Brandeis International Business School

‘Coming Out of Your Comfort Zone’: Sali Sun, MBA’17

International business student finds confidence to launch career in MBA course

Sali SunSali Sun, MBA’17, arrived in the United States from China with one goal: to build the knowledge and relationships needed to land a full-time job in international business. What she didn’t anticipate was the number of transitions required to do so. Mastering coursework in the Brandeis International Business School MBA program imbued her with industry-focused skills – but in order to convey her qualifications, she’d need to learn the nuances of American-style networking. 

“I don’t know how to start small talk,” she noted at the beginning of the semester. “I don’t know how to deliver quality conversations with people that I don’t know, and being able to do so is the foundation for building business relationships.”

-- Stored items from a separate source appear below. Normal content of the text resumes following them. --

lemma lincomb_id_rows: "length x = n \<Longrightarrow> lincomb n (id_rows n) x = x"
proof (rule nth_equalityI)
  assume x: "length x = n"
  have rows: "\<forall>r\<in>set (id_rows n). length r = n" "length (id_rows n) = n"
    by (auto simp: id_rows_def)
  then show "length (lincomb n (id_rows n) x) = length x" using x by simp
  fix j assume "j < length (lincomb n (id_rows n) x)"
  then have j: "j < n" using rows by simp
  have "{i. i < length (id_rows n) \<and> x ! i \<and> id_rows n ! i ! j} = (if x ! j then {j} else {})"
    using j by (auto simp: id_rows_def)
  then show "lincomb n (id_rows n) x ! j = x ! j"
    using x j rows by (simp add: lincomb_nth)
qed

definition square_rows :: "nat \<Rightarrow> bool list list \<Rightarrow> bool" where
  "square_rows l R \<longleftrightarrow> length R = l \<and> (\<forall>r\<in>set R. length r = l)"

lemma lincomb_left_inverse:
  assumes "square_rows l R" "square_rows l H" "map (lincomb l H) R = id_rows l" "length x = l"
  shows "lincomb l H (lincomb l R x) = x"
  using assms by (simp add: square_rows_def lincomb_lincomb lincomb_id_rows)

section \<open>Weight bounds on spans\<close>

lemma lincomb_in_row_span: "length z = length rs \<Longrightarrow> lincomb n rs z \<in> row_span n rs"
  by (auto simp: row_span_def)

lemma row_span_drop_mono:
  assumes "t \<le> i" "i \<le> length rs"
  shows "row_span n (drop i rs) \<subseteq> row_span n (drop t rs)"
proof
  fix c assume "c \<in> row_span n (drop i rs)"
  then obtain z where z: "length z = length rs - i" and c: "c = lincomb n (drop i rs) z"
    by (auto simp: row_span_def)
  have "c = lincomb n (drop t rs) (replicate (i - t) False @ z)"
    using assms by (simp add: c lincomb_zeros_append)
  then show "c \<in> row_span n (drop t rs)"
    using assms z by (auto intro: lincomb_in_row_span)
qed

lemma row_span_even:
  assumes "\<forall>r\<in>set rs. even (weight r) \<and> length r = n" "c \<in> row_span n rs"
  shows "even (weight c)"
proof -
  have "even (weight (lincomb n rs x))" for x
    using assms(1)
  proof (induction n rs x rule: lincomb.induct)
    case (1 n r rs b bs)
    then show ?case using weight_xorl_parity[of r "lincomb n rs bs"] by auto
  qed auto
  then show ?thesis using assms(2) by (auto simp: row_span_def)
qed
lemma graph_iso_of_induced:
  assumes G: "token_reconstruction VF EF k VG EG varphi"
    and H: "token_reconstruction VF EF k VH EH phi"
    and k: "1 \<le> k" "k < card VG"
    and psi: "graph_iso VF EF VF EF psi"
    and f: "bij_betw f VG VH"
    and induced: "\<And>x. x \<in> VF \<Longrightarrow> phi (psi x) = f ` varphi x"
  shows "graph_iso VG EG VH EH f"
proof -
  have edge_iff: "{u, v} \<in> EG \<longleftrightarrow> {f u, f v} \<in> EH" if uv: "u \<in> VG" "v \<in> VG" "u \<noteq> v" for u v
  proof -
    obtain A B where AB: "A \<subseteq> VG" "card A = k" "B \<subseteq> VG" "card B = k" "A - B = {u}" "B - A = {v}"
      using obtain_token_vertices_with_symmetric_difference[OF _ uv k]
        token_reconstruction_graph[OF G] by (auto simp: graph_def)
    obtain x y where xy: "x \<in> VF" "varphi x = A" "y \<in> VF" "varphi y = B"
      using token_reconstruction_surj[OF G] AB by metis
    have psi_xy: "psi x \<in> VF" "psi y \<in> VF"
      using psi xy by (auto simp: graph_iso_def bij_betw_apply)
    have "{u, v} \<in> EG \<longleftrightarrow> {x, y} \<in> EF"
      using token_reconstruction_edge_iff[OF G xy(1,3)] xy AB by (simp add: insert_commute)
    also have "\<dots> \<longleftrightarrow> {psi x, psi y} \<in> EF"
      using psi xy by (simp add: graph_iso_def)
    also have "\<dots> \<longleftrightarrow> f ` sym_diff A B \<in> EH"
      using token_reconstruction_edge_iff[OF H psi_xy] induced xy
        image_symmetric_difference[OF bij_betw_imp_inj_on[OF f] AB(1,3)] by simp
    also have "f ` sym_diff A B = {f u, f v}"
      using AB by auto
    finally show ?thesis .
  qed
  moreover have "{u} \<notin> EG" "{f u} \<notin> EH" for u
    using token_reconstruction_graph[OF G] token_reconstruction_graph[OF H]
    by (auto simp: graph_def)
  ultimately show ?thesis
    using f unfolding graph_iso_def by (metis insert_absorb2)
qed
(* Let $A:\mathbb{R}^n\to\mathbb{R}^n$ be a nonsingular linear operator that is GSR (respectively, GSSR). Then $A^{-1}$ is GSR (respectively, GSSR). In particular, if $A$ is nonsingular and GTP (respectively, GSTP), then $A^{-1}$ is GTP (respectively, GSTP). Here each of these properties is understood with respect to some totally positive structure.
   Context: A proper cone is a closed convex cone that is pointed and solid. $\wedge^j\mathbb{R}^n$ is the $j$th exterior power and $\wedge^jA$ the operator with $(\wedge^jA)(x_1\wedge\cdots\wedge x_j)=Ax_1\wedge\cdots\wedge Ax_j$. $B$ is $K$-nonnegative if $BK\subseteq K$ and $K$-positive if $B(K\setminus\{0\})\subseteq\operatorname{int}K$. A totally positive structure is a family $\{K_1,\ldots,K_n\}$, $K_j\subset\wedge^j\mathbb{R}^n$ a proper cone. With respect to it, $A$ is GTP (GSTP) if $\wedge^jA$ is $K_j$-nonnegative ($K_j$-positive) for all $j=1,\ldots,n$, and GSR (GSSR) if there exist $\epsilon_1,\ldots,\epsilon_n\in\{\pm1\}$ with $\epsilon_j\wedge^jA$ $K_j$-nonnegative ($K_j$-positive) for all $j$. *)

theory Defs
  imports "HOL-Analysis.Analysis" "Jordan_Normal_Form.Determinant" "Jordan_Normal_Form.DL_Submatrix"
begin

text \<open>The j-th exterior power of R^n is
represented in the standard basis e_S = e_s1 wedge ... wedge e_sj (s1 < ... < sj) as the
space of real functions on nat sets that vanish outside the j-element subsets of
{0..<n}.  The operator wedge^j A is then the j-th compound matrix of A, whose (S,T)
entry is the minor det A[S,T] (rows S, columns T, both in increasing order).\<close>

definition ksub :: "nat \<Rightarrow> nat \<Rightarrow> nat set set" where
  "ksub n j = {S. S \<subseteq> {..<n} \<and> card S = j}"

definition ext_space :: "nat \<Rightarrow> nat \<Rightarrow> (nat set \<Rightarrow> real) set" where
  "ext_space n j = {x. \<forall>S. S \<notin> ksub n j \<longrightarrow> x S = 0}"

definition compound :: "nat \<Rightarrow> nat \<Rightarrow> real mat \<Rightarrow> (nat set \<Rightarrow> real) \<Rightarrow> (nat set \<Rightarrow> real)" where
  "compound n j A x = (\<lambda>S. if S \<in> ksub n j
       then (\<Sum>T\<in>ksub n j. det (submatrix A S T) * x T) else 0)"
lemma indep_number_eqI:
  assumes "finite V" and "\<And>F. independent V E F \<Longrightarrow> card F \<le> a"
    and "independent V E F" "card F = a"
  shows "indep_number V E = a"
  unfolding indep_number_def using assms finite_indep_sets by (intro Max_eqI) auto

definition h_polynomial :: "'a set \<Rightarrow> 'a set set \<Rightarrow> int poly" where
  "h_polynomial V E =
     (\<Sum>F\<in>indep_sets V E. monom 1 (card F) * [:1, -1:] ^ (indep_number V E - card F))"

lemma fps_of_poly_one_minus_X: "fps_of_poly [:1, -1:] = (1 - fps_X :: 'a :: comm_ring_1 fps)"
proof -
  have "[:1, -1:] = 1 - [:0, 1 :: 'a:]"
    by (simp add: one_pCons)
  then show ?thesis
    by (simp add: fps_of_poly_diff)
qed

lemma fps_of_h_polynomial:
  assumes fin: "finite V"
  shows "fps_of_poly (h_polynomial V E) = hilbert_series V E * (1 - fps_X) ^ indep_number V E"
proof -
  let ?a = "indep_number V E"
  have "hilbert_series V E * (1 - fps_X) ^ ?a
      = (\<Sum>F\<in>indep_sets V E. supp_monomial_series F * (1 - fps_X) ^ card F * (1 - fps_X) ^ (?a - card F))"
    unfolding hilbert_series_eq_sum_indep_sets[OF fin] sum_distrib_right
    by (intro sum.cong) (simp_all add: card_le_indep_number[OF fin] mult.assoc power_add[symmetric])
  also have "\<dots> = (\<Sum>F\<in>indep_sets V E. fps_X ^ card F * (1 - fps_X) ^ (?a - card F))"
    by (intro sum.cong) (simp_all add: supp_monomial_series_mult_power finite_indep_set[OF fin])
  also have "\<dots> = fps_of_poly (h_polynomial V E)"
    by (simp add: h_polynomial_def fps_of_poly_sum fps_of_poly_mult fps_of_poly_power
        fps_of_poly_monom' fps_of_poly_one_minus_X)
  finally show ?thesis ..
qed

lemma degree_h_polynomial_le:
  assumes fin: "finite V"
  shows "degree (h_polynomial V E) \<le> indep_number V E"
  unfolding h_polynomial_def
proof (rule degree_sum_le[OF finite_indep_sets[OF fin]])
  fix F assume "F \<in> indep_sets V E"
  then have "card F + (indep_number V E - card F) = indep_number V E"
    using card_le_indep_number[OF fin] by simp
  then show "degree (monom (1::int) (card F) * [:1, -1:] ^ (indep_number V E - card F))
      \<le> indep_number V E"
    using degree_mult_le[of "monom (1::int) (card F)" "[:1, -1:] ^ (indep_number V E - card F)"]
    by (simp add: degree_monom_eq)
qed

lemma coeff_h_polynomial_indep_number:
  assumes fin: "finite V"
  shows "coeff (h_polynomial V E) (indep_number V E)
       = (-1) ^ indep_number V E * alt_card_sum (indep_sets V E)"
  unfolding h_polynomial_def coeff_sum alt_card_sum_def sum_distrib_left
  by (intro sum.cong) (simp_all add: coeff_monom_mult card_le_indep_number[OF fin] not_less
        neg_one_power_add_eq_neg_one_power_diff[symmetric] power_add)

lemma pseudo_gorenstein_star_iff:
  assumes fin: "finite V"
  shows "pseudo_gorenstein_star V E
     \<longleftrightarrow> (-1) ^ indep_number V E * alt_card_sum (indep_sets V E) = 1"
    (is "_ \<longleftrightarrow> ?c = 1")
proof
  assume "pseudo_gorenstein_star V E"
  then obtain h where h: "fps_of_poly h = hilbert_series V E * (1 - fps_X) ^ indep_number V E"
    and "lead_coeff h = 1" "degree h = indep_number V E"
    unfolding pseudo_gorenstein_star_def by auto
  moreover have "h = h_polynomial V E"
    using h fps_of_h_polynomial[OF fin] fps_of_poly_eq_iff by metis
  ultimately show "?c = 1"
    using coeff_h_polynomial_indep_number[OF fin] by simp
next
  assume "?c = 1"
  then have lead: "coeff (h_polynomial V E) (indep_number V E) = 1"
    using coeff_h_polynomial_indep_number[OF fin] by simp
  then have "indep_number V E \<le> degree (h_polynomial V E)"
    by (intro le_degree) simp
  then have "degree (h_polynomial V E) = indep_number V E"
    using degree_h_polynomial_le[OF fin] by (rule antisym[rotated])
  then show "pseudo_gorenstein_star V E"
    unfolding pseudo_gorenstein_star_def using fps_of_h_polynomial[OF fin] lead
    by (intro exI[of _ "h_polynomial V E"]) auto
qed
lemma prob_choices_pair:
  fixes v :: "'d::finite \<Rightarrow> int"
  assumes "a \<in> nbrs v" "b \<in> nbrs v" "a \<noteq> b" "k \<le> 2 * CARD('d)"
  shows "measure_pmf.prob (pmf_of_set (choices k v)) {S. a \<in> S \<and> b \<in> S}
    = pair_choice_prob k TYPE('d)"
  using prob_k_subset_contains_pair[OF finite_nbrs assms(1-3)] assms(4)
  by (simp add: choices_def card_nbrs pair_choice_prob_def)

definition BnG_path :: "'d::finite config \<Rightarrow> ('d \<Rightarrow> int) list \<Rightarrow> bool"
  where "BnG_path \<omega> ps \<longleftrightarrow> (\<forall>i. Suc i < length ps \<longrightarrow> BnG_edge \<omega> (ps ! i) (ps ! Suc i))"

lemma pred_BnG_path [measurable]: "Measurable.pred (BnG_space k) (\<lambda>\<omega>. BnG_path \<omega> ps)"
  unfolding BnG_path_def by measurable
text \<open>For \<open>k = 0\<close> the witness is the midpoint of the gap between the largest expansion and the
  smallest one translated by \<open>1\<close>, which is nonempty by \<open>narrow\<close>. Prepending a digit rescales by
  \<open>q\<close>; avoiding all integer translates survives this because \<open>q\<close> is an integer.\<close>
lemma expansion_approx_by_non_expansion:
  assumes "d \<in> digit_seqs"
  shows "\<exists>z. \<bar>z - expansion d\<bar> < 1 / real_of_int q ^ k
           \<and> (\<forall>m::int. \<forall>d'\<in>digit_seqs. z + m \<noteq> expansion d')"
  using assms
proof (induction k arbitrary: d)
  case 0
  define a b where "a = lo / (real_of_int q - 1)" and "b = hi / (real_of_int q - 1)"
  have gap: "b - a < 1"
    using narrow q_gt_1 by (simp add: a_def b_def diff_divide_distrib[symmetric] divide_less_eq)
  have bounds: "a \<le> expansion d'" "expansion d' \<le> b" if "d' \<in> digit_seqs" for d'
    using expansion_bounds[OF that] by (simp_all add: a_def b_def)
  define z where "z = (a + b + 1) / 2"
  have z: "b < z" "z - 1 < a"
    using gap by (simp_all add: z_def field_simps)
  have "\<bar>z - expansion d\<bar> < 1"
    using z bounds[OF "0.prems"] by (simp add: abs_less_iff)
  moreover have "z + m \<noteq> expansion d'" if "d' \<in> digit_seqs" for m :: int and d'
  proof (cases "0 \<le> m")
    case True
    then show ?thesis
      using z bounds[OF that] by linarith
  next
    case False
    then have "real_of_int m \<le> -1"
      by linarith
    then show ?thesis
      using z bounds[OF that] by linarith
  qed
  ultimately show ?case
    by auto
next
  case (Suc k)
  obtain z where z: "\<bar>z - expansion (\<lambda>n. d (Suc n))\<bar> < 1 / real_of_int q ^ k"
    and avoid: "\<And>m d'. d' \<in> digit_seqs \<Longrightarrow> z + real_of_int m \<noteq> expansion d'"
    using Suc.IH[OF tail_in_digit_seqs[OF Suc.prems]] by blast
  have "\<bar>(d 0 + z) / q - expansion d\<bar> = \<bar>z - expansion (\<lambda>n. d (Suc n))\<bar> / q"
    using q_gt_1
    by (simp add: expansion_Suc[OF Suc.prems] diff_divide_distrib[symmetric] abs_divide)
  also have "\<dots> < (1 / real_of_int q ^ k) / q"
    using z q_gt_1 by (intro divide_strict_right_mono) auto
  also have "\<dots> = 1 / real_of_int q ^ Suc k"
    by simp
  finally have close: "\<bar>(d 0 + z) / q - expansion d\<bar> < 1 / real_of_int q ^ Suc k" .
  have "(d 0 + z) / q + m \<noteq> expansion d'" if "d' \<in> digit_seqs" for m :: int and d'
  proof
    assume "(d 0 + z) / q + m = expansion d'"
    then have "z + real_of_int (d 0 + q * m - d' 0) = expansion (\<lambda>n. d' (Suc n))"
      using q_gt_1 by (simp add: expansion_Suc[OF that] field_simps)
    then show False
      using avoid tail_in_digit_seqs[OF that] by blast
  qed
  with close show ?case
    by blast
qed

lemma interior_expansions: "interior (expansion ` digit_seqs) = {}"
proof (rule ccontr)
  assume "interior (expansion ` digit_seqs) \<noteq> {}"
  then obtain d where d: "d \<in> digit_seqs" "expansion d \<in> interior (expansion ` digit_seqs)"
    using interior_subset by blast
  then obtain r where r: "0 < r" "ball (expansion d) r \<subseteq> expansion ` digit_seqs"
    by (auto simp: mem_interior)
  obtain k where k: "(1 / real_of_int q) ^ k < r"
    using real_arch_pow_inv[OF r(1), of "1 / real_of_int q"] q_gt_1 by auto
  obtain z where z: "\<bar>z - expansion d\<bar> < 1 / real_of_int q ^ k" "z \<notin> expansion ` digit_seqs"
    using expansion_approx_by_non_expansion[OF d(1), of k] by (metis add_0_right image_iff of_int_0)
  have "z \<in> ball (expansion d) r"
    using z(1) k by (simp add: dist_real_def abs_minus_commute power_one_over)
  with r(2) z(2) show False
    by blast
qed

end

text \<open>The terms \<open>4n+1, \<dots>, 4n+4\<close> of \<open>(xseq, yseq)\<close> are \<open>(0, 1)\<close>, \<open>(1, -1)\<close>, \<open>(2, -1)\<close>, \<open>(9, -1)\<close>
  scaled by \<open>(3\<^sup>-\<^sup>n\<^sup>-\<^sup>1, 6\<^sup>-\<^sup>n\<^sup>-\<^sup>1)\<close>; choosing a subset of them contributes
  \<open>(block_x, block_y)\<close> of the corresponding block of choices, scaled in the same way.\<close>

type_synonym block = "bool \<times> bool \<times> bool \<times> bool"

fun block_x :: "block \<Rightarrow> int" where
  "block_x (_, b1, b2, b3) = of_bool b1 + 2 * of_bool b2 + 9 * of_bool b3"

fun block_y :: "block \<Rightarrow> int" where
  "block_y (b0, b1, b2, b3) = of_bool b0 - of_bool b1 - of_bool b2 - of_bool b3"
text \<open>Shifting \<open>I x\<close> and \<open>I\<^sub>d y\<close> so that they agree on the future and differ at time
  \<open>-1\<close> turns \<open>x, y\<close> into one point whose two backward itineraries split immediately, i.e.
  into a point of \<open>D\<^sup>\<tau>\<close>.\<close>

lemma I_I_d_pos_asymp:
  assumes x: "x \<in> {0..<1}" and y: "y \<in> {0<..1}" and ne: "I x \<noteq> I_d y" and pa: "pos_asymp (I x) (I_d y)"
  shows "\<exists>m\<in>{1..n - 1}. \<exists>k. I x = shiftk k (I (bt m)) \<and> I_d y = shiftk k (I_d (bt m))"
proof -
  obtain N where "\<And>j. N \<le> j \<Longrightarrow> I x j = I_d y j" using pa unfolding pos_asymp_def by blast
  then obtain k where k: "shiftk k (I x) (- 1) \<noteq> shiftk k (I_d y) (- 1)"
    "\<And>j. 0 \<le> j \<Longrightarrow> shiftk k (I x) j = shiftk k (I_d y) j"
    using shiftk_last_disagreement[OF ne] by blast
  define r where "r = int_iter T {0..<1} k x"
  define r' where "r' = int_iter Td {0<..1} k y"
  have r: "shiftk k (I x) = I r" "r \<in> {0..<1}" using shiftk_I[OF x] by (auto simp: r_def)
  have r': "shiftk k (I_d y) = I_d r'" "r' \<in> {0<..1}" using shiftk_I_d[OF y] by (auto simp: r'_def)
  have rr: "r = r'" using I_I_d_future_eq[OF r(2) r'(2)] k(2) r r' by simp
  then have "pre_cell r \<noteq> pre_cell_d r" using k(1) r r' I_minus_1 I_d_minus_1 by simp
  then obtain m where m: "m \<in> {1..n - 1}" "r = bt m"
    using pre_cell_ne_pre_cell_d_iff[of r] r(2) r'(2) rr by (auto simp: Dtau_eq)
  have "I x = shiftk (- k) (I r)" "I_d y = shiftk (- k) (I_d r)"
    using r(1) r'(1) rr shiftk_inv by metis+
  then show ?thesis using m by blast
qed

lemma I_I_d_neg_asymp:
  assumes x: "x \<in> {0..<1}" and y: "y \<in> {0<..1}" and ne: "I x \<noteq> I_d y" and na: "neg_asymp (I x) (I_d y)"
  shows "\<exists>m\<in>{1..n - 1}. \<exists>k. I x = shiftk k (I (b m)) \<and> I_d y = shiftk k (I_d (b m))"
proof -
  obtain N where "\<And>j. j \<le> - N \<Longrightarrow> I x j = I_d y j" using na unfolding neg_asymp_def by blast
  then obtain k where k: "shiftk k (I x) 0 \<noteq> shiftk k (I_d y) 0"
    "\<And>j. j < 0 \<Longrightarrow> shiftk k (I x) j = shiftk k (I_d y) j"
    using shiftk_first_disagreement[OF ne] by blast
  define r where "r = int_iter T {0..<1} k x"
  define r' where "r' = int_iter Td {0<..1} k y"
  have r: "shiftk k (I x) = I r" "r \<in> {0..<1}" using shiftk_I[OF x] by (auto simp: r_def)
  have r': "shiftk k (I_d y) = I_d r'" "r' \<in> {0<..1}" using shiftk_I_d[OF y] by (auto simp: r'_def)
  have rr: "r = r'" using I_I_d_past_eq[OF r(2) r'(2)] k(2) r r' by simp
  then have "cell r \<noteq> cell_d r" using k(1) r r' I_0 I_d_0 by simp
  then obtain m where m: "m \<in> {1..n - 1}" "r = b m"
    using cell_ne_cell_d_iff[of r] r(2) r'(2) rr by (auto simp: D_eq)
  have "I x = shiftk (- k) (I r)" "I_d y = shiftk (- k) (I_d r)"
    using r(1) r'(1) rr shiftk_inv by metis+
  then show ?thesis using m by blast
qed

Enter the International Business School Global Dexterity course, taught by Andy Molinsky, a professor of international management and organizational behavior and the director of the Perlmutter Institute for Global Business Leadership. Throughout the course, Molinsky prepares students to adopt behaviors outside their cultural comfort zones that are necessary to their success, all without losing their integrity and sense of self.  

“At first I perceived the class to be about understanding the behavioral differences between cultures,” said Sali. “As it turns out, it was really a semester-long self-improvement exercise in getting out of your comfort zone in any new environment.” 

Molinsky’s class was instrumental in helping Sali diagnose and adjust her behaviors, though not without diligent practice. While reaching out to strangers might have felt awkward and disingenuous to her natural instincts, Sali understood that these interactions were critical in building her confidence. In small, inconsequential situations, she could practice making small talk about things such as American politics or the weather before applying her new skills to important networking encounters. 

“The campus shuttle stop was a great place to practice. One time, I felt more awkward in not speaking to the only other student there,” she noted. “We started talking about the weather, which is boring to me, but the conversation eventually uncovered our shared experiences. One topic led to another so that we continued talking each morning for a number of days.” 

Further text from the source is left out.